• _Task to carry out_: The expected answer is the set of lines in the data below between the line holding "c \<in> polys_in" and the line holding "unfolding polys_in_def vars_def Var_def", inclusive, written out exactly.

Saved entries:
>>>
section \<open>Polynomials and substitution\<close>

lemma vars_add: "vars (p + q) \<subseteq> vars p \<union> vars q"
  unfolding vars_def using keys_add[of p q] by blast

lemma vars_mult: "vars ((p::('v, 'a::comm_ring_1) mpoly) * q) \<subseteq> vars p \<union> vars q"
proof
  fix v assume "v \<in> vars (p * q)"
  then obtain mon where "mon \<in> Poly_Mapping.keys (p * q)" "v \<in> Poly_Mapping.keys mon"
    unfolding vars_def by auto
  then obtain a b where "mon = a + b" "a \<in> Poly_Mapping.keys p" "b \<in> Poly_Mapping.keys q"
    using keys_mult[of p q] by blast
  with \<open>v \<in> Poly_Mapping.keys mon\<close> keys_add[of a b] show "v \<in> vars p \<union> vars q"
    unfolding vars_def by blast
qed

lemma vars_Const: "vars (Const c) = {}"
  unfolding vars_def Const_def by auto

lemma Const_one: "Const 1 = 1"
  unfolding Const_def by simp

lemma Const_in_polys_in: "Const c \<in> polys_in V"
  unfolding polys_in_def by (simp add: vars_Const)

lemma Var_in_polys_in: "i \<in> V \<Longrightarrow> (Var i :: ('v, 'a::comm_ring_1) mpoly) \<in> polys_in V"
  unfolding polys_in_def vars_def Var_def by auto

lemma polys_in_is_subring: "is_subring (polys_in V :: ('v, 'a::comm_ring_1) mpoly set)"
proof -
  have "vars (0 :: ('v, 'a) mpoly) = {}" "vars (1 :: ('v, 'a) mpoly) = {}"
    using vars_Const[of "0::'a"] vars_Const[of "1::'a"] by (simp_all add: Const_def)
  moreover have "vars (- p) = vars p" for p :: "('v, 'a) mpoly"
    unfolding vars_def by simp
  moreover have "vars (p + q) \<subseteq> V" "vars (p * q) \<subseteq> V"
    if "vars p \<subseteq> V" "vars q \<subseteq> V" for p q :: "('v, 'a) mpoly"
    using vars_add[of p q] vars_mult[of p q] that by blast+
  ultimately show ?thesis unfolding is_subring_def polys_in_def by simp
qed

lemma map_coeffs_in_polys_in:
  assumes "p \<in> polys_in V" and "f 0 = 0"
  shows "map_coeffs f p \<in> polys_in V"
proof -
  have "Poly_Mapping.keys (map_coeffs f p) \<subseteq> Poly_Mapping.keys p"
    unfolding map_coeffs_def by (auto simp: in_keys_iff map.rep_eq when_def)
  then show ?thesis using assms unfolding polys_in_def vars_def by auto
qed

lemma subst_Const: "subst \<sigma> (Const c) = Const c"
  unfolding subst_def Const_def by (cases "c = 0") simp_all

lemma Const_mult: "Const a * Const b = Const (a * b)"
  unfolding Const_def by (simp add: mult_single)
<<<
• _Response area_:
lemma Const_in_polys_in: "Const c \<in> polys_in V"
  unfolding polys_in_def by (simp add: vars_Const)

lemma Var_in_polys_in: "i \<in> V \<Longrightarrow> (Var i :: ('v, 'a::comm_ring_1) mpoly) \<in> polys_in V"
  unfolding polys_in_def vars_def Var_def by auto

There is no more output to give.